Salmon Arm Radio Journalist Reinvigorated about Community’s Future

As a journalist, Leah Shaw was just supposed to be reporting on a Salmon Arm community conversation in early March. But she’s now at the centre of a new effort that emerged out of that — and feeling reinvigorated about how her gifts can help shape her community’s preferred future.

The March 5-6 community gathering in the southern B.C. city of about 17,000 was centred largely on the six conversations that author and thought leader Peter Block invites communities looking to co-create their futures to consider.

Peter and now many others have brought these conversations to workplaces, boardrooms, neighbourhoods, churches, government offices and schools across the continent and beyond.

Shuswap residents, a teacher and her students, share their stories with Voice of the Shuswap.

The 60 Salmon Arm residents who joined the March gathering sat knee to knee in groups of three to four and had conversations about what had brought them into the room as well as new possibilities they could see for their community. People also reflected on the gifts they bring to the table that could help actualize these new possibilities.

“The more I reflect on the process the more convinced I am it is all very simple,” says Bernie DesRosiers, a key person in organizing the gathering in Salmon Arm as executive director of Shuswap Settlement Services. A non-profit, Shuswap Settlement Services has been on an active journey since its formation five years ago to engage the Salmon Arm community in creating a welcoming community.

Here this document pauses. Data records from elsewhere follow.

(* Let $G=(V,E)$ be a directed graph, $s\neq t$ vertices, $k\ge 1$ an integer and $e(u,v)\in E$. If $e(u,v)$ is an edge of $SPG_k(s,t)$, then there exist integers $k_f,k_b\ge 0$ such that $EV^*_{k_f}(s,u)$ and $EV^*_{k_b}(v,t)$ both exist, (1) $k_f+1+k_b\le k$, and (2) $EV^*_{k_f}(s,u)\cap EV^*_{k_b}(v,t)=\emptyset$. The converse does not hold in general: there exist $G,s,t,k$ and an edge $e(u,v)$ admitting such $k_f,k_b$ with $e(u,v)\notin SPG_k(s,t)$.
   Context: A path from $x$ to $y$ in $G$ is a vertex sequence $x=v_0,\dots,v_l=y$ with $(v_{i-1},v_i)\in E$; its length is $l$ and $V(p)$, $E(p)$ are its vertex and edge sets. A simple path has no repeated vertex. $SPG_k(s,t)$ is the subgraph of $G$ formed by the union of vertex sets and edge sets of all simple paths from $s$ to $t$ of length at most $k$. For a vertex $u$ and integer $l\ge 0$, $EV^*_l(s,u)$ exists iff there is at least one simple path from $s$ to $u$ of length at most $l$ not containing $t$, and then $EV^*_l(s,u)$ is the intersection of $V(p)$ over all such paths. Symmetrically, $EV^*_l(v,t)$ exists iff there is at least one simple path from $v$ to $t$ of length at most $l$ not containing $s$, and then it is the intersection of $V(p)$ over all such paths. *)

theory Defs
  imports Main
begin

definition is_path :: "('a \<times> 'a) set \<Rightarrow> 'a list \<Rightarrow> 'a \<Rightarrow> 'a \<Rightarrow> bool" where
  "is_path E p x y \<longleftrightarrow> p \<noteq> [] \<and> hd p = x \<and> last p = y \<and>
     (\<forall>i. Suc i < length p \<longrightarrow> (p ! i, p ! Suc i) \<in> E)"

definition path_len :: "'a list \<Rightarrow> nat" where
  "path_len p = length p - 1"

definition path_edges :: "'a list \<Rightarrow> ('a \<times> 'a) set" where
  "path_edges p = set (zip p (tl p))"

definition simple_path :: "('a \<times> 'a) set \<Rightarrow> 'a list \<Rightarrow> 'a \<Rightarrow> 'a \<Rightarrow> bool" where
  "simple_path E p x y \<longleftrightarrow> is_path E p x y \<and> distinct p"

definition st_paths :: "('a \<times> 'a) set \<Rightarrow> 'a \<Rightarrow> 'a \<Rightarrow> nat \<Rightarrow> 'a list set" where
  "st_paths E s t k = {p. simple_path E p s t \<and> path_len p \<le> k}"

definition SPG_vertices :: "('a \<times> 'a) set \<Rightarrow> 'a \<Rightarrow> 'a \<Rightarrow> nat \<Rightarrow> 'a set" where
  "SPG_vertices E s t k = (\<Union>p\<in>st_paths E s t k. set p)"

definition SPG_edges :: "('a \<times> 'a) set \<Rightarrow> 'a \<Rightarrow> 'a \<Rightarrow> nat \<Rightarrow> ('a \<times> 'a) set" where
  "SPG_edges E s t k = (\<Union>p\<in>st_paths E s t k. path_edges p)"

definition fwd_paths :: "('a \<times> 'a) set \<Rightarrow> 'a \<Rightarrow> 'a \<Rightarrow> nat \<Rightarrow> 'a \<Rightarrow> 'a list set" where
  "fwd_paths E s t l u = {p. simple_path E p s u \<and> path_len p \<le> l \<and> t \<notin> set p}"

definition EVf_exists :: "('a \<times> 'a) set \<Rightarrow> 'a \<Rightarrow> 'a \<Rightarrow> nat \<Rightarrow> 'a \<Rightarrow> bool" where
  "EVf_exists E s t l u \<longleftrightarrow> fwd_paths E s t l u \<noteq> {}"

definition EVf :: "('a \<times> 'a) set \<Rightarrow> 'a \<Rightarrow> 'a \<Rightarrow> nat \<Rightarrow> 'a \<Rightarrow> 'a set" where
  "EVf E s t l u = (\<Inter>p\<in>fwd_paths E s t l u. set p)"

definition bwd_paths :: "('a \<times> 'a) set \<Rightarrow> 'a \<Rightarrow> 'a \<Rightarrow> nat \<Rightarrow> 'a \<Rightarrow> 'a list set" where
  "bwd_paths E s t l v = {p. simple_path E p v t \<and> path_len p \<le> l \<and> s \<notin> set p}"

definition EVb_exists :: "('a \<times> 'a) set \<Rightarrow> 'a \<Rightarrow> 'a \<Rightarrow> nat \<Rightarrow> 'a \<Rightarrow> bool" where
  "EVb_exists E s t l v \<longleftrightarrow> bwd_paths E s t l v \<noteq> {}"

definition EVb :: "('a \<times> 'a) set \<Rightarrow> 'a \<Rightarrow> 'a \<Rightarrow> nat \<Rightarrow> 'a \<Rightarrow> 'a set" where
  "EVb E s t l v = (\<Inter>p\<in>bwd_paths E s t l v. set p)"

definition edge_cond :: "('a \<times> 'a) set \<Rightarrow> 'a \<Rightarrow> 'a \<Rightarrow> nat \<Rightarrow> 'a \<Rightarrow> 'a \<Rightarrow> bool" where
  "edge_cond E s t k u v \<longleftrightarrow> (\<exists>kf kb. EVf_exists E s t kf u \<and> EVb_exists E s t kb v \<and>
      kf + 1 + kb \<le> k \<and> EVf E s t kf u \<inter> EVb E s t kb v = {})"

end

theory Submission
  imports Defs
begin

text \<open>Splitting a simple s-t path of length at most k at the edge (u, v) yields a simple s-u path
  avoiding t and a simple v-t path avoiding s, with lengths adding up to at most k - 1. Their
  vertex sets are disjoint and contain the respective sets EV*, so these lengths serve as
  k_f and k_b. The converse fails because EV* is an intersection over many paths: the two paths
  0-4-1 and 0-5-1 give EV*_2(0, 1) = {0, 1}, disjoint from the path 2-4-5-3, yet every simple
  0-3 path through the edge (1, 2) must reach 1 via 4 or 5 and leave 2 via 4 and then 5.\<close>

lemma path_edges_Nil [simp]: "path_edges [] = {}"
  and path_edges_singleton [simp]: "path_edges [x] = {}"
  and path_edges_Cons_Cons [simp]: "path_edges (x # y # p) = insert (x, y) (path_edges (y # p))"
  by (simp_all add: path_edges_def)

lemma path_edges_append:
  assumes "A \<noteq> []" and "B \<noteq> []"
  shows "path_edges (A @ B) = path_edges A \<union> insert (last A, hd B) (path_edges B)"
  using assms(1)
proof (induction A rule: induct_list012)
  case (2 x)
  then show ?case using assms(2) by (cases B) auto
qed auto

lemma in_path_edges_iff: "(a, b) \<in> path_edges p \<longleftrightarrow> (\<exists>xs ys. p = xs @ a # b # ys)"
proof
  show "(a, b) \<in> path_edges p \<Longrightarrow> \<exists>xs ys. p = xs @ a # b # ys"
  proof (induction p rule: induct_list012)
    case (3 x y p)
    show ?case
    proof (cases "(x, y) = (a, b)")
      case True
      then show ?thesis by auto
    next
      case False
      with "3.prems" obtain xs ys where "y # p = xs @ a # b # ys" using "3.IH"(2) by auto
      then have "x # y # p = (x # xs) @ a # b # ys" by simp
      then show ?thesis by blast
    qed
  qed auto
next
  assume "\<exists>xs ys. p = xs @ a # b # ys"
  then obtain xs ys where "p = (xs @ [a]) @ b # ys" by auto
  then show "(a, b) \<in> path_edges p" by (simp add: path_edges_append del: append_assoc)
qed

lemma in_path_edges_append_Cons_Cons: "(a, b) \<in> path_edges (xs @ a # b # ys)"
  by (auto simp: in_path_edges_iff)

lemma is_path_iff_path_edges:
  "is_path E p x y \<longleftrightarrow> p \<noteq> [] \<and> hd p = x \<and> last p = y \<and> path_edges p \<subseteq> E"
proof -
  have "zip p (tl p) = map (\<lambda>i. (p ! i, p ! Suc i)) [0..<length p - 1]"
    by (simp add: list_eq_iff_nth_eq nth_tl)
  then have "path_edges p = (\<lambda>i. (p ! i, p ! Suc i)) ` {i. Suc i < length p}"
    by (auto simp: path_edges_def)
  then show ?thesis by (auto simp: is_path_def)
qed

lemma is_path_append_iff:
  assumes "A \<noteq> []" and "B \<noteq> []"
  shows "is_path E (A @ B) x y \<longleftrightarrow>
    is_path E A x (last A) \<and> (last A, hd B) \<in> E \<and> is_path E B (hd B) y"
  using assms by (auto simp: is_path_iff_path_edges path_edges_append)

lemma EVf_subset_set: "p \<in> fwd_paths E s t l u \<Longrightarrow> EVf E s t l u \<subseteq> set p"
  by (auto simp: EVf_def)

lemma EVb_subset_set: "p \<in> bwd_paths E s t l v \<Longrightarrow> EVb E s t l v \<subseteq> set p"
  by (auto simp: EVb_def)

lemma edge_cond_if_edge_of_simple_path:
  assumes p: "simple_path E p s t" and len: "path_len p \<le> k" and uv: "(u, v) \<in> path_edges p"
  shows "edge_cond E s t k u v"
proof -
  obtain xs ys where "p = (xs @ [u]) @ (v # ys)"
    using uv by (auto simp: in_path_edges_iff)
  moreover define A B where "A = xs @ [u]" and "B = v # ys"
  ultimately have p_eq: "p = A @ B" by simp
  have ends: "A \<noteq> []" "B \<noteq> []" "last A = u" "hd B = v"
    by (simp_all add: A_def B_def)
  have "is_path E (A @ B) s t"
    using p by (simp add: p_eq simple_path_def)
  then have paths: "is_path E A s u" "is_path E B v t"
    unfolding is_path_append_iff[OF ends(1,2)] ends(3,4) by simp_all
  have distinct: "distinct A" "distinct B" and disjoint: "set A \<inter> set B = {}"
    using p by (simp_all add: p_eq simple_path_def)
  have "t \<in> set B" "s \<in> set A"
    using paths by (auto simp: is_path_iff_path_edges)
  with disjoint have "t \<notin> set A" "s \<notin> set B" by auto
  with paths distinct have
    A: "A \<in> fwd_paths E s t (path_len A) u" and B: "B \<in> bwd_paths E s t (path_len B) v"
    by (simp_all add: fwd_paths_def bwd_paths_def simple_path_def)
  have "path_len A + 1 + path_len B \<le> k"
    using len by (simp add: p_eq A_def B_def path_len_def)
  moreover have "EVf E s t (path_len A) u \<inter> EVb E s t (path_len B) v = {}"
    using EVf_subset_set[OF A] EVb_subset_set[OF B] disjoint by blast
  ultimately show ?thesis
    using A B by (auto simp: edge_cond_def EVf_exists_def EVb_exists_def)
qed

lemma edge_cond_if_SPG_edge: "(u, v) \<in> SPG_edges E s t k \<Longrightarrow> edge_cond E s t k u v"
  by (auto simp: SPG_edges_def st_paths_def intro: edge_cond_if_edge_of_simple_path)

definition counterexample_edges :: "(nat \<times> nat) set" where
  "counterexample_edges = {(0, 4), (4, 1), (0, 5), (5, 1), (1, 2), (2, 4), (4, 5), (5, 3)}"

lemma counterexample_edge_cond: "edge_cond counterexample_edges 0 3 6 1 2"
proof -
  have fwd: "[0, 4, 1] \<in> fwd_paths counterexample_edges 0 3 2 1"
    "[0, 5, 1] \<in> fwd_paths counterexample_edges 0 3 2 1"
    and bwd: "[2, 4, 5, 3] \<in> bwd_paths counterexample_edges 0 3 3 2"
    by (simp_all add: fwd_paths_def bwd_paths_def simple_path_def is_path_iff_path_edges
        path_len_def counterexample_edges_def)
  have "set [0, 4, 1] \<inter> set [0, 5, 1] \<inter> set [2, 4, 5, 3 :: nat] = {}" by simp
  then have "EVf counterexample_edges 0 3 2 1 \<inter> EVb counterexample_edges 0 3 3 2 = {}"
    using EVf_subset_set[OF fwd(1)] EVf_subset_set[OF fwd(2)] EVb_subset_set[OF bwd] by blast
  with fwd bwd show ?thesis
    unfolding edge_cond_def EVf_exists_def EVb_exists_def by (intro exI[of _ 2] exI[of _ 3]) auto
qed

lemma counterexample_not_SPG_edge: "(1, 2) \<notin> SPG_edges counterexample_edges 0 3 k"
proof
  assume "(1, 2) \<in> SPG_edges counterexample_edges 0 3 k"
  then obtain p where p: "simple_path counterexample_edges p 0 3" "(1, 2) \<in> path_edges p"
    by (auto simp: SPG_edges_def st_paths_def)
  then obtain xs ys where p_eq: "p = xs @ 1 # 2 # ys"
    by (auto simp: in_path_edges_iff)
  have edges: "path_edges p \<subseteq> counterexample_edges" and ends: "hd p = 0" "last p = 3"
    and "distinct p"
    using p(1) by (simp_all add: simple_path_def is_path_iff_path_edges)
  obtain xs' w where xs: "xs = xs' @ [w]"
    using ends(1) by (cases xs rule: rev_exhaust) (auto simp: p_eq)
  have "(w, 1) \<in> path_edges p"
    using in_path_edges_append_Cons_Cons[of w 1 xs' "2 # ys"] by (simp add: p_eq xs)
  with edges have w: "w \<in> {4, 5}" by (auto simp: counterexample_edges_def)
  obtain y ys' where ys: "ys = y # ys'"
    using ends(2) by (cases ys) (auto simp: p_eq)
  have "(2, y) \<in> path_edges p"
    using in_path_edges_append_Cons_Cons[of 2 y "xs @ [1]" ys'] by (simp add: p_eq ys)
  with edges have y: "y = 4" by (auto simp: counterexample_edges_def)
  obtain y' ys'' where ys': "ys' = y' # ys''"
    using ends(2) y by (cases ys') (auto simp: p_eq ys)
  have "(4, y') \<in> path_edges p"
    using in_path_edges_append_Cons_Cons[of 4 y' "xs @ [1, 2]" ys''] by (simp add: p_eq ys ys' y)
  with edges \<open>distinct p\<close> have "y' = 5" by (auto simp: counterexample_edges_def p_eq ys ys' y)
  with w y \<open>distinct p\<close> show False by (auto simp: p_eq xs ys ys')
qed

theorem lemma3p3:
  shows "(\<forall>(V :: 'a set) E s t k u v.
            E \<subseteq> V \<times> V \<longrightarrow> s \<in> V \<longrightarrow> t \<in> V \<longrightarrow> s \<noteq> t \<longrightarrow> 1 \<le> k \<longrightarrow>
            (u, v) \<in> E \<longrightarrow> (u, v) \<in> SPG_edges E s t k \<longrightarrow> edge_cond E s t k u v)
       \<and> (\<exists>(V :: nat set) E s t k u v.
            finite V \<and> E \<subseteq> V \<times> V \<and> s \<in> V \<and> t \<in> V \<and> s \<noteq> t \<and> 1 \<le> k \<and>
            (u, v) \<in> E \<and> edge_cond E s t k u v \<and> (u, v) \<notin> SPG_edges E s t k)"
proof (intro conjI)
  show "\<exists>(V :: nat set) E s t k u v.
            finite V \<and> E \<subseteq> V \<times> V \<and> s \<in> V \<and> t \<in> V \<and> s \<noteq> t \<and> 1 \<le> k \<and>
            (u, v) \<in> E \<and> edge_cond E s t k u v \<and> (u, v) \<notin> SPG_edges E s t k"
    using counterexample_edge_cond counterexample_not_SPG_edge
    by (intro exI[of _ "{0..5}"] exI[of _ counterexample_edges] exI[of _ 0] exI[of _ 3]
        exI[of _ 6] exI[of _ 1] exI[of _ 2]) (auto simp: counterexample_edges_def)
qed (blast intro: edge_cond_if_SPG_edge)

end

“ Subdivisions build real estate one house at a time. Conversations build community one relationship at a time. Who would have thought that great Canadian Marshall McLuhan’s pronouncement that ‘the medium is the message’ would still resonate today,” Bernie says.

A journalist for about 20 years, Leah has been actively involved in the last two years with a community radio station she helped form called Voice of the Shuswap. The station’s mandate is to share the stories of those who are rarely featured in mainstream media. Since its inception, Leah has been volunteering her weekends and evenings to train volunteer broadcasters to be able to contribute to the station. She admits she’d been feeling the burden of the effort lately.

After hearing from Peter and her fellow citizens in this gathering, that’s less the case for her.

“Listening to the ideas of how we can all use our gifts to make a better community, that’s the part that resonated with me,” Leah says.

“It reinvigorated my commitment to radio . After 18 to 20 years of working in the media, this is something I can offer back to my community . . . for the good of the community.”

Leah is now working with Shuswap Settlement Services to develop a community radio program that will feature the individual stories of immigrants living in the community. The goal is to train four volunteer broadcasters who will then work with community members to help share their stories via radio.

The stories will told in the first person by the community member and focus on why they came to Salmon Arm, who they are, how their identity has changed and the struggles and experiences they’ve had settling into the community.

The overarching intent is to provide a more multi-faceted perspective of the community and help people better understand the “richness of individuals” who live there, which aligns well with the original mandate of the Voices of the Shuswap station.

In addition to the single-person narratives, Immigrant Services Shuswap is planning a series of related community conversation groups.

While in a way she feels presumptuous to think that anything that’s broadcast through the community radio is going to reach and change people, Leah does hold that as a hope as she looks to the future of the program.

“Why not hope that as a result of hearing somebody’s unique story, (listeners) treat the next person they meet in a different more positive way,” she says.

“I’m hoping we will become a more tolerant community and society and that we will go through our day-to-day activities with a slightly more positive outlook on people.”